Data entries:
■ ■ ■ ■ ■ ■ ■

lemma arith_prog_subset:
  assumes "y \<in> arith_prog x b"
  shows "arith_prog y b \<subseteq> arith_prog x b"
proof
  fix z assume "z \<in> arith_prog y b"
  then obtain m where "z = y + b * m" unfolding arith_prog_def by auto
  moreover obtain n where "y = x + b * n" using assms unfolding arith_prog_def by auto
  ultimately have "z = x + b * (n + m)" by (simp add: algebra_simps)
  then show "z \<in> arith_prog x b" unfolding arith_prog_def by blast
qed

lemma arith_prog_subset_if_dvd:
  assumes "c dvd d"
  shows "arith_prog x d \<subseteq> arith_prog x c"
proof
  fix y assume "y \<in> arith_prog x d"
  then obtain n where "y = x + d * n" unfolding arith_prog_def by auto
  moreover obtain k where "d = c * k" using assms by auto
  ultimately have "y = x + c * (k * n)" by simp
  then show "y \<in> arith_prog x c" unfolding arith_prog_def by blast
qed

lemma arith_prog_Int_nonempty:
  assumes "0 < b" "0 < d" "x mod gcd b d = w mod gcd b d"
  shows "arith_prog x b \<inter> arith_prog w d \<noteq> {}"
proof -
  have meet: "arith_prog x b \<inter> arith_prog w d \<noteq> {}"
    if le: "w \<le> x" and d: "0 < d" and g: "gcd d b dvd x - w" for x b w d :: nat
  proof -
    obtain q where q: "x - w = gcd d b * q" using g by blast
    obtain s t where "d * s = b * t + gcd d b" using bezout_nat[of d b] d by auto
    then have "d * (s * q) = b * (t * q) + (x - w)" using q by (metis add_mult_distrib mult.assoc)
    then have "w + d * (s * q) = x + b * (t * q)" using le by simp
    then show ?thesis unfolding arith_prog_def by blast
  qed
  show ?thesis
  proof (cases "w \<le> x")
    case True
    then show ?thesis using meet assms by (simp add: mod_eq_dvd_iff_nat gcd.commute)
  next
    case False
    then have "gcd b d dvd w - x" using assms(3) mod_eq_dvd_iff_nat[of x w "gcd b d"] by simp
    then show ?thesis using meet[of x w b d] False assms(1) by auto
  qed
qed

lemma topspace_kirch_topology: "topspace kirch_topology = {0<..}"
proof -
  have "\<Union>kirch_base = {0<..}"
  proof
    show "\<Union>kirch_base \<subseteq> {0<..}"
      unfolding kirch_base_def arith_prog_def by auto
    show "{0<..} \<subseteq> \<Union>kirch_base"
    proof
      fix n :: nat assume "n \<in> {0<..}"
      then have "arith_prog n 1 \<in> kirch_base" unfolding kirch_base_def by force
      then show "n \<in> \<Union>kirch_base" using arith_prog_self by blast
    qed
  qed
  then show ?thesis by (simp add: kirch_topology_def)
qed

lemma openin_kirch_arith_prog:
  assumes "0 < a" "0 < b" "coprime a b" "squarefree b"
  shows "openin kirch_topology (arith_prog a b)"
  unfolding kirch_topology_def
  by (rule topology_generated_by_Basis) (use assms in \<open>auto simp: kirch_base_def\<close>)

■ ■ ■ ■ ■ ■ ■

* **Problem description**: Copy out every record again, letter for letter.

* **Your solution**:
lemma arith_prog_subset:
  assumes "y \<in> arith_prog x b"
  shows "arith_prog y b \<subseteq> arith_prog x b"
proof
  fix z assume "z \<in> arith_prog y b"
  then obtain m where "z = y + b * m" unfolding arith_prog_def by auto
  moreover obtain n where "y = x + b * n" using assms unfolding arith_prog_def by auto
  ultimately have "z = x + b * (n + m)" by (simp add: algebra_simps)
  then show "z \<in> arith_prog x b" unfolding arith_prog_def by blast
qed

lemma arith_prog_subset_if_dvd:
  assumes "c dvd d"
  shows "arith_prog x d \<subseteq> arith_prog x c"
proof
  fix y assume "y \<in> arith_prog x d"
  then obtain n where "y = x + d * n" unfolding arith_prog_def by auto
  moreover obtain k where "d = c * k" using assms by auto
  ultimately have "y = x + c * (k * n)" by simp
  then show "y \<in> arith_prog x c" unfolding arith_prog_def by blast
qed

lemma arith_prog_Int_nonempty:
  assumes "0 < b" "0 < d" "x mod gcd b d = w mod gcd b d"
  shows "arith_prog x b \<inter> arith_prog w d \<noteq> {}"
proof -
  have meet: "arith_prog x b \<inter> arith_prog w d \<noteq> {}"
    if le: "w \<le> x" and d: "0 < d" and g: "gcd d b dvd x - w" for x b w d :: nat
  proof -
    obtain q where q: "x - w = gcd d b * q" using g by blast
    obtain s t where "d * s = b * t + gcd d b" using bezout_nat[of d b] d by auto
    then have "d * (s * q) = b * (t * q) + (x - w)" using q by (metis add_mult_distrib mult.assoc)
    then have "w + d * (s * q) = x + b * (t * q)" using le by simp
    then show ?thesis unfolding arith_prog_def by blast
  qed
  show ?thesis
  proof (cases "w \<le> x")
    case True
    then show ?thesis using meet assms by (simp add: mod_eq_dvd_iff_nat gcd.commute)
  next
    case False
    then have "gcd b d dvd w - x" using assms(3) mod_eq_dvd_iff_nat[of x w "gcd b d"] by simp
    then show ?thesis using meet[of x w b d] False assms(1) by auto
  qed
qed

lemma topspace_kirch_topology: "topspace kirch_topology = {0<..}"
proof -
  have "\<Union>kirch_base = {0<..}"
  proof
    show "\<Union>kirch_base \<subseteq> {0<..}"
      unfolding kirch_base_def arith_prog_def by auto
    show "{0<..} \<subseteq> \<Union>kirch_base"
    proof
      fix n :: nat assume "n \<in> {0<..}"
      then have "arith_prog n 1 \<in> kirch_base" unfolding kirch_base_def by force
      then show "n \<in> \<Union>kirch_base" using arith_prog_self by blast
    qed
  qed
  then show ?thesis by (simp add: kirch_topology_def)
qed

lemma openin_kirch_arith_prog:
  assumes "0 < a" "0 < b" "coprime a b" "squarefree b"
  shows "openin kirch_topology (arith_prog a b)"
  unfolding kirch_topology_def
  by (rule topology_generated_by_Basis) (use assms in \<open>auto simp: kirch_base_def\<close>)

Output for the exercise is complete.